GIVEN RECORDS:
--------------------

lemma block_consumed_by:
  assumes i: "i \<in> {1..m}"
  shows "consumed_by cs
    (E0 # pw (replicate (2*B) Bs @ [Ee]) (i - 1))
    (replicate (2*B) Bs)
    (Ee # pw (replicate (2*B) Bs @ [Ee]) (m - i))
    (E0 # pw (triple B @ [Ee]) (i - 1))
    (triple B)
    (Ee # pw (triple B @ [Ee]) (m - i) @ Ver n m B)"
    (is "consumed_by cs ?u1 ?u2 ?u3 ?x1 ?x2 ?x3")
proof -
  define j where "j = i - 1"
  have j: "j < m" and rest: "m - j = Suc (m - i)" "m - Suc j = m - i"
    using i by (auto simp: j_def)
  have "Load m B = ?u1 @ ?u2 @ ?u3" "Dist m B @ Ver n m B = ?x1 @ ?x2 @ ?x3"
    using pw_split_at[of i m] i by (simp_all add: Load_def Dist_def)
  then have at_Load: "cs ! length (Load m B) = (?u1 @ ?u2 @ ?u3, ?x1 @ ?x2 @ ?x3)"
    by (intro trans[OF config_after_Load]) simp
  obtain z where z: "Ee \<notin> set z"
    and queue: "fst (cs ! block_start j) = pw (replicate (2*B) Bs @ [Ee]) (m - j) @ z"
    using queue_at_block_start[of j] j by auto
  obtain y where after: "fst (cs ! (block_start j + length (triple B))) = ?u3 @ z @ y"
    using block_pops_Load_block[OF j z queue] rest by auto
  have input: "drop (block_start j) (wS n m B) = ?x2 @ ?x3"
    using input_at_block_start[of j] j rest by (simp add: pw_Suc)
  then have in_run: "block_start j + length (triple B) < length cs"
    using drop_eq_ConsD(1)[OF drop_after_prefix[OF input]] length_input_less by simp
  then have at_block: "cs ! block_start j = (?u2 @ ?u3 @ z, ?x2 @ ?x3)"
    using config_eq[of "block_start j"] queue rest input by (simp add: pw_Suc)
  have after_block: "cs ! (block_start j + length (triple B)) = (?u3 @ z @ y, ?x3)"
    using config_eq[OF in_run] after drop_after_prefix[OF input] by simp
  have "length (Load m B) \<le> block_start j"
    by (simp add: block_start_def)
  then show ?thesis
    unfolding consumed_by_def using in_run at_Load at_block after_block
    by (intro exI[of _ "length (Load m B)"] exI[of _ "block_start j"]
        exI[of _ "block_start j + length (triple B)"] exI[of _ z] exI[of _ y]) simp
qed

end

theorem lemma3:
  fixes n :: "nat \<Rightarrow> nat" and m B :: nat and cs :: "config list"
  assumes inst: "three_partition_instance n m B"
    and acc: "accepting_computation (wS n m B) cs"
  shows "(\<exists>j < length cs. cs ! j = (Load m B, Dist m B @ Ver n m B)) \<and>
         (\<forall>i\<in>{1..m}.
            consumed_by cs
              (E0 # pw (replicate (2*B) Bs @ [Ee]) (i - 1))
              (replicate (2*B) Bs)
              (Ee # pw (replicate (2*B) Bs @ [Ee]) (m - i))
              (E0 # pw (triple B @ [Ee]) (i - 1))
              (triple B)
              (Ee # pw (triple B @ [Ee]) (m - i) @ Ver n m B))"
proof -
  interpret accepting_wS_run n m B cs
    using acc by unfold_locales
  have "length (Load m B) < length cs"
    using length_input_less by (simp add: wS_def)
  then show ?thesis
    using config_after_Load block_consumed_by by blast
qed

end
lemma exists_wedge_nonzero:
  assumes "j \<le> CARD('n::{finite,linorder})"
  obtains x :: "nat \<Rightarrow> real^'n::{finite,linorder}" where "wedge j x \<noteq> 0"
proof -
  obtain I :: "'n set" where I: "card I = j"
    using obtain_subset_with_card_n[of j "UNIV :: 'n set"] assms by auto
  define x where "x a = axis (slist I ! a) (1::real)" for a
  have "wedge j x $ I = det_nat j (\<lambda>a b. if a = b then 1 else 0)"
    unfolding wedge_component using I
    by (simp, intro det_nat_cong) (auto simp: x_def axis_def nth_eq_iff_index_eq)
  then have "wedge j x \<noteq> 0" by (auto simp: det_nat_one)
  then show ?thesis by (rule that)
qed

section \<open>Interiors relative to a subspace\<close>

lemma int_in_scale:
  fixes K W :: "'a::real_normed_vector set"
  assumes "cone K" "subspace W" "0 < c" "v \<in> int_in W K"
  shows "c *\<^sub>R v \<in> int_in W K"
proof -
  obtain e where vK: "v \<in> K" and e: "e > 0" and ball: "\<forall>y\<in>W. dist y v < e \<longrightarrow> y \<in> K"
    using assms(4) unfolding int_in_def by auto
  have "y \<in> K" if y: "y \<in> W" "dist y (c *\<^sub>R v) < c * e" for y
  proof -
    have "inverse c *\<^sub>R y - v = inverse c *\<^sub>R (y - c *\<^sub>R v)"
      using assms(3) by (simp add: algebra_simps)
    then have "dist (inverse c *\<^sub>R y) v = inverse c * dist y (c *\<^sub>R v)"
      using assms(3) by (simp add: dist_norm)
    also have "\<dots> < e" using y(2) assms(3) by (simp add: field_simps)
    finally have "inverse c *\<^sub>R y \<in> K" using ball subspace_scale[OF assms(2) y(1)] by blast
    then have "c *\<^sub>R (inverse c *\<^sub>R y) \<in> K"
      using assms(1,3) unfolding cone_def by (meson less_imp_le)
    then show "y \<in> K" using assms(3) by simp
  qed
  moreover have "c *\<^sub>R v \<in> K" using assms(1,3) vK unfolding cone_def by simp
  ultimately show ?thesis unfolding int_in_def using assms(3) e by (auto intro!: exI[of _ "c * e"])
qed

lemma uminus_int_in_subset:
  fixes K W :: "'a::real_normed_vector set"
  assumes "subspace W"
  shows "uminus ` int_in W K \<subseteq> int_in W (uminus ` K)"
proof clarify
  fix v assume "v \<in> int_in W K"
  then obtain e where "v \<in> K" "e > 0" and ball: "\<forall>y\<in>W. dist y v < e \<longrightarrow> y \<in> K"
    unfolding int_in_def by auto
  moreover have "y \<in> uminus ` K" if "y \<in> W" "dist y (- v) < e" for y
    using ball subspace_neg[OF assms that(1)] that(2) dist_minus[of y "- v"]
    by (auto intro!: image_eqI[of y uminus "- y"])
  ultimately show "- v \<in> int_in W (uminus ` K)" unfolding int_in_def by auto
qed

lemma int_in_uminus:
  fixes K W :: "'a::real_normed_vector set"
  assumes "subspace W"
  shows "int_in W (uminus ` K) = uminus ` int_in W K"
proof
  show "uminus ` int_in W K \<subseteq> int_in W (uminus ` K)" by (rule uminus_int_in_subset[OF assms])
  have "uminus ` int_in W (uminus ` K) \<subseteq> int_in W K"
    using uminus_int_in_subset[OF assms, of "uminus ` K"] by (simp add: image_image)
  then show "int_in W (uminus ` K) \<subseteq> uminus ` int_in W K"
    by (auto intro!: image_eqI[of _ uminus])
qed

lemma zero_notin_int_in:
  fixes K W :: "'a::real_normed_vector set"
  assumes "K \<inter> uminus ` K \<subseteq> {0}" "subspace W" "u \<in> W" "u \<noteq> 0"
  shows "0 \<notin> int_in W K"
proof
  assume "0 \<in> int_in W K"
  then obtain e where e: "e > 0" "\<forall>y\<in>W. dist y 0 < e \<longrightarrow> y \<in> K" unfolding int_in_def by auto
  define y where "y = (e / (2 * norm u)) *\<^sub>R u"
  have "norm y = e / 2" unfolding y_def using assms(4) e(1) by simp
  moreover have "y \<in> W" "- y \<in> W" unfolding y_def using assms(2,3) by (auto intro: subspace_scale subspace_neg)
  ultimately have "y \<in> K" "- y \<in> K" using e by auto
  then have "y \<in> K \<inter> uminus ` K" by (auto intro!: image_eqI[of y uminus "- y"])
  with assms(1) \<open>norm y = e / 2\<close> e(1) show False by auto
qed

lemma int_in_two_sided_scale:
  fixes K W :: "'a::real_normed_vector set"
  assumes "cone K" "subspace W" "\<beta> \<noteq> 0" "w \<in> int_in W K \<union> int_in W (uminus ` K)"
  shows "\<beta> *\<^sub>R w \<in> int_in W K \<union> int_in W (uminus ` K)"
proof -
  have scale: "\<gamma> *\<^sub>R v \<in> int_in W K \<union> int_in W (uminus ` K)" if "\<gamma> \<noteq> 0" "v \<in> int_in W K" for \<gamma> v
  proof (cases "\<gamma> > 0")
    case True then show ?thesis using int_in_scale[OF assms(1,2) _ that(2)] by blast
  next
    case False
    then have "0 < - \<gamma>" using that(1) by linarith
    then have "(- \<gamma>) *\<^sub>R v \<in> int_in W K" by (rule int_in_scale[OF assms(1,2) _ that(2)])
    then have "- ((- \<gamma>) *\<^sub>R v) \<in> int_in W (uminus ` K)" unfolding int_in_uminus[OF assms(2)] by blast
    then show ?thesis by simp
  qed
  from assms(4) have "w \<in> int_in W K \<or> - w \<in> int_in W K"
    unfolding int_in_uminus[OF assms(2)] by force
  then show ?thesis
  proof
    assume "w \<in> int_in W K"
    then show ?thesis using scale assms(3) by blast
  next
    assume "- w \<in> int_in W K"
    then show ?thesis using scale[of "- \<beta>" "- w"] assms(3) by simp
  qed
qed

--------------------

Of the entries listed above, reproduce only the lines starting at the line containing "define x where" and ending at the line containing "c *\<^sub>R (y". Include both, exactly as they stand.

RESPONSE AREA:
  define x where "x a = axis (slist I ! a) (1::real)" for a
  have "wedge j x $ I = det_nat j (\<lambda>a b. if a = b then 1 else 0)"
    unfolding wedge_component using I
    by (simp, intro det_nat_cong) (auto simp: x_def axis_def nth_eq_iff_index_eq)
  then have "wedge j x \<noteq> 0" by (auto simp: det_nat_one)
  then show ?thesis by (rule that)
qed

section \<open>Interiors relative to a subspace\<close>

lemma int_in_scale:
  fixes K W :: "'a::real_normed_vector set"
  assumes "cone K" "subspace W" "0 < c" "v \<in> int_in W K"
  shows "c *\<^sub>R v \<in> int_in W K"
proof -
  obtain e where vK: "v \<in> K" and e: "e > 0" and ball: "\<forall>y\<in>W. dist y v < e \<longrightarrow> y \<in> K"
    using assms(4) unfolding int_in_def by auto
  have "y \<in> K" if y: "y \<in> W" "dist y (c *\<^sub>R v) < c * e" for y
  proof -
    have "inverse c *\<^sub>R y - v = inverse c *\<^sub>R (y - c *\<^sub>R v)"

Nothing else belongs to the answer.